--- TRY IT ---
Check every line of the data and copy the ones where "then" appears.

--- DATA EXTRACTS ---
lemma abs_scheme_map_diff_le:
  assumes "dx > 0" "dt \<ge> 0" "\<And>j. \<bar>v j\<bar> \<le> r"
    and "\<And>j. \<bar>f j\<bar> \<le> \<rho>" "\<And>j. \<bar>g j\<bar> \<le> \<rho>" "\<And>j. \<bar>f j - g j\<bar> \<le> D"
  shows "\<bar>scheme_map \<alpha> \<beta> dx dt v f k - scheme_map \<alpha> \<beta> dx dt v g k\<bar>
    \<le> dt * (\<bar>\<alpha>\<bar> / 6 * (2 * \<rho> + r) / dx + 3 / 2 * \<bar>\<beta>\<bar> / dx ^ 3) * D"
proof -
  have product: "\<bar>(f j - g j) * (f j + g j + v j)\<bar> \<le> D * (2 * \<rho> + r)" for j
    unfolding abs_mult using assms(3-6)[of j] by (intro mult_mono) auto
  have "scheme_map \<alpha> \<beta> dx dt v f k - scheme_map \<alpha> \<beta> dx dt v g k =
      dt * (- (\<alpha> / 6) * delta1 dx (\<lambda>j. (f j - g j) * (f j + g j + v j)) k
        + \<beta> / 2 * delta1 dx (delta2 dx (\<lambda>j. f j - g j)) k)"
    using assms(1) by (simp add: scheme_map_def delta1_def delta2_def field_simps power2_eq_square)
  also have "\<bar>\<dots>\<bar> \<le> dt * (\<bar>\<alpha>\<bar> / 6 * \<bar>delta1 dx (\<lambda>j. (f j - g j) * (f j + g j + v j)) k\<bar>
      + \<bar>\<beta>\<bar> / 2 * \<bar>delta1 dx (delta2 dx (\<lambda>j. f j - g j)) k\<bar>)"
    using abs_scaled_combination_le[OF assms(2), of "- (\<alpha> / 6)" _ "\<beta> / 2"] by simp
  also have "\<dots> \<le> dt * (\<bar>\<alpha>\<bar> / 6 * (D * (2 * \<rho> + r) / dx) + \<bar>\<beta>\<bar> / 2 * (3 * D / dx ^ 3))"
    using assms(2) abs_delta1_le[OF assms(1) product] abs_delta1_delta2_le[OF assms(1) assms(6)]
    by (intro add_mono mult_left_mono) auto
  finally show ?thesis
    by (simp add: field_simps)
qed

lemma less_divide_imp_mult_less:
  fixes t a b :: real
  assumes "0 < t" "t < a / b" "0 \<le> b"
  shows "t * b < a"
proof -
  have "b > 0"
    using assms by (cases "b = 0") auto
  then show ?thesis
    using assms(2) by (simp add: pos_less_divide_eq)
qed

lemma less_eps1_imp_growth_le:
  assumes "dx > 0" "dt > 0" "r \<ge> 0" "q > 1" "dt < eps1 \<alpha> \<beta> q r dx"
  shows "r + dt * (\<bar>\<alpha>\<bar> / 6 * ((q * r)\<^sup>2 + q * r * r + r\<^sup>2) / dx + 3 / 2 * \<bar>\<beta>\<bar> * (q * r + r) / dx ^ 3)
    \<le> q * r"
proof -
  let ?den = "\<bar>\<alpha>\<bar> / 6 * dx\<^sup>2 * (q\<^sup>2 + q + 1) * r + 3 / 2 * \<bar>\<beta>\<bar> * (q + 1)"
  have "dt * ?den < (q - 1) * dx ^ 3"
    using assms less_divide_imp_mult_less[of dt "(q - 1) * dx ^ 3" ?den]
    unfolding eps1_def by fastforce
  then have "dt * ?den / dx ^ 3 \<le> q - 1"
    using assms(1) by (simp add: divide_le_eq)
  then have "r + r * (dt * ?den / dx ^ 3) \<le> r + r * (q - 1)"
    using assms(3) by (intro add_left_mono mult_left_mono) auto
  moreover have "r + dt * (\<bar>\<alpha>\<bar> / 6 * ((q * r)\<^sup>2 + q * r * r + r\<^sup>2) / dx
      + 3 / 2 * \<bar>\<beta>\<bar> * (q * r + r) / dx ^ 3) = r + r * (dt * ?den / dx ^ 3)"
    using assms(1) by (simp add: field_simps power2_eq_square power3_eq_cube)
  ultimately show ?thesis
    by (simp add: algebra_simps)
qed

lemma less_eps2_imp_lipschitz_less_1:
  assumes "dx > 0" "dt > 0" "r \<ge> 0" "q \<ge> 0" "dt < eps2 \<alpha> \<beta> q r dx"
  shows "dt * (\<bar>\<alpha>\<bar> / 6 * (2 * (q * r) + r) / dx + 3 / 2 * \<bar>\<beta>\<bar> / dx ^ 3) < 1"
proof -
  let ?den = "\<bar>\<alpha>\<bar> / 6 * dx\<^sup>2 * (2 * q + 1) * r + 3 / 2 * \<bar>\<beta>\<bar>"
  have "dt * ?den < dx ^ 3"
    using assms less_divide_imp_mult_less[of dt "dx ^ 3" ?den]
    unfolding eps2_def by fastforce
  then show ?thesis
    using assms(1) by (simp add: field_simps power2_eq_square power3_eq_cube)
qed

lemma scheme_map_sup_contraction:
  assumes "dx > 0" "dt > 0" "q > 1" "r \<ge> 0" "\<And>k. \<bar>v k\<bar> \<le> r"
    and "dt < eps1 \<alpha> \<beta> q r dx" "dt < eps2 \<alpha> \<beta> q r dx"
  shows "sup_contraction (scheme_map \<alpha> \<beta> dx dt v) (q * r)
    (dt * (\<bar>\<alpha>\<bar> / 6 * (2 * (q * r) + r) / dx + 3 / 2 * \<bar>\<beta>\<bar> / dx ^ 3))"
proof
  show "0 \<le> q * r" "0 \<le> dt * (\<bar>\<alpha>\<bar> / 6 * (2 * (q * r) + r) / dx + 3 / 2 * \<bar>\<beta>\<bar> / dx ^ 3)"
    using assms(1-4) by simp_all
  show "dt * (\<bar>\<alpha>\<bar> / 6 * (2 * (q * r) + r) / dx + 3 / 2 * \<bar>\<beta>\<bar> / dx ^ 3) < 1"
    using less_eps2_imp_lipschitz_less_1 assms by simp
  show "norm (scheme_map \<alpha> \<beta> dx dt v w k) \<le> q * r" if "\<And>j. norm (w j) \<le> q * r" for w k
  proof -
    have "\<bar>scheme_map \<alpha> \<beta> dx dt v w k\<bar> \<le> r + dt * (\<bar>\<alpha>\<bar> / 6 * ((q * r)\<^sup>2 + q * r * r + r\<^sup>2) / dx
        + 3 / 2 * \<bar>\<beta>\<bar> * (q * r + r) / dx ^ 3)"
      using that assms(2) by (intro abs_scheme_map_le[OF assms(1) _ assms(5)]) simp_all
    also have "\<dots> \<le> q * r"
      using less_eps1_imp_growth_le assms(1-4,6) by blast
    finally show ?thesis
      by simp
  qed
  show "norm (scheme_map \<alpha> \<beta> dx dt v f k - scheme_map \<alpha> \<beta> dx dt v g k)
      \<le> dt * (\<bar>\<alpha>\<bar> / 6 * (2 * (q * r) + r) / dx + 3 / 2 * \<bar>\<beta>\<bar> / dx ^ 3) * D"
    if "\<And>j. norm (f j) \<le> q * r" "\<And>j. norm (g j) \<le> q * r" "\<And>j. norm (f j - g j) \<le> D" for f g D k
    using that abs_scheme_map_diff_le[OF assms(1) _ assms(5), where f = f and g = g and \<rho> = "q * r"]
      assms(2) by simp
qed

lemma ex1_periodic_solution_if_ex1_fixpoint:
  assumes "K > 0" "dt \<noteq> 0" "periodic_grid K v"
    and unique: "\<exists>!w. (\<forall>k. norm (w k) \<le> R) \<and> scheme_map \<alpha> \<beta> dx dt v w = w"
  shows "\<exists>!w. periodic_grid K w \<and> scheme_sol \<alpha> \<beta> dx dt v w \<and> grid_norm K w \<le> R"
proof -
  have v_shift: "(\<lambda>j. v (j + int K)) = v"
    using assms(3) by (simp add: periodic_grid_def)
  have "(\<forall>k. norm (w (k + int K)) \<le> R) \<and> scheme_map \<alpha> \<beta> dx dt v (\<lambda>k. w (k + int K)) = (\<lambda>k. w (k + int K))"
    if "(\<forall>k. norm (w k) \<le> R) \<and> scheme_map \<alpha> \<beta> dx dt v w = w" for w
    using that scheme_map_shift[of \<alpha> \<beta> dx dt v "int K" w] by (simp add: v_shift fun_eq_iff)
  then have bounded_fixpoint_periodic: "periodic_grid K w"
    if "(\<forall>k. norm (w k) \<le> R) \<and> scheme_map \<alpha> \<beta> dx dt v w = w" for w
    using periodic_grid_if_unique[OF unique that] by blast
  have "periodic_grid K w \<and> scheme_sol \<alpha> \<beta> dx dt v w \<and> grid_norm K w \<le> R
      \<longleftrightarrow> (\<forall>k. norm (w k) \<le> R) \<and> scheme_map \<alpha> \<beta> dx dt v w = w" for w
  proof
    assume "periodic_grid K w \<and> scheme_sol \<alpha> \<beta> dx dt v w \<and> grid_norm K w \<le> R"
    then show "(\<forall>k. norm (w k) \<le> R) \<and> scheme_map \<alpha> \<beta> dx dt v w = w"
      using grid_norm_le_iff[of K w R] assms(1) scheme_sol_iff_fixpoint[OF assms(2)] by simp
  next
    assume "(\<forall>k. norm (w k) \<le> R) \<and> scheme_map \<alpha> \<beta> dx dt v w = w"
    moreover from this have "periodic_grid K w"
      by (rule bounded_fixpoint_periodic)
    ultimately show "periodic_grid K w \<and> scheme_sol \<alpha> \<beta> dx dt v w \<and> grid_norm K w \<le> R"
      using grid_norm_le_iff[OF _ assms(1)] scheme_sol_iff_fixpoint[OF assms(2)] by simp
  qed
  with unique show ?thesis
    by simp
qed

theorem theorem3p1:
  fixes L dt \<alpha> \<beta> q r :: real and K m :: nat and u :: "nat \<Rightarrow> int \<Rightarrow> real"
  assumes "L > 0" and "K > 0" and "dt > 0" and "\<beta> \<noteq> 0" and "q > 1"
    and "\<forall>n\<le>m. periodic_grid K (u n)"
    and "\<forall>n<m. scheme_sol \<alpha> \<beta> (L / real K) dt (u n) (u (Suc n))"
    and "\<forall>n\<le>m. grid_norm K (u n) \<le> r"
    and "dt < min (eps1 \<alpha> \<beta> q r (L / real K)) (eps2 \<alpha> \<beta> q r (L / real K))"
  shows "\<exists>!w. periodic_grid K w \<and> scheme_sol \<alpha> \<beta> (L / real K) dt (u m) w
              \<and> grid_norm K w \<le> q * r"
proof (rule ex1_periodic_solution_if_ex1_fixpoint)
  have "L / real K > 0" "periodic_grid K (u m)"
    using assms(1,2,6) by simp_all
  moreover have "\<bar>u m k\<bar> \<le> r" for k
    using assms(8)[rule_format, of m] grid_norm_le_iff[OF \<open>periodic_grid K (u m)\<close> assms(2)] by simp
  moreover from this have "r \<ge> 0"
    by (meson abs_ge_zero order.trans)
  ultimately show "\<exists>!w. (\<forall>k. norm (w k) \<le> q * r) \<and> scheme_map \<alpha> \<beta> (L / real K) dt (u m) w = w"
    using assms(3,5,9) by (intro sup_contraction.ex1_fixpoint[OF scheme_map_sup_contraction]) simp_all
qed (use assms(2,3,6) in simp_all)

end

--- RESULT OF THE EXERCISE ---
  then show ?thesis
  then have "dt * ?den / dx ^ 3 \<le> q - 1"
  then have "r + r * (dt * ?den / dx ^ 3) \<le> r + r * (q - 1)"
  then show ?thesis
  then have bounded_fixpoint_periodic: "periodic_grid K w"
    then show "(\<forall>k. norm (w k) \<le> R) \<and> scheme_map \<alpha> \<beta> dx dt v w = w"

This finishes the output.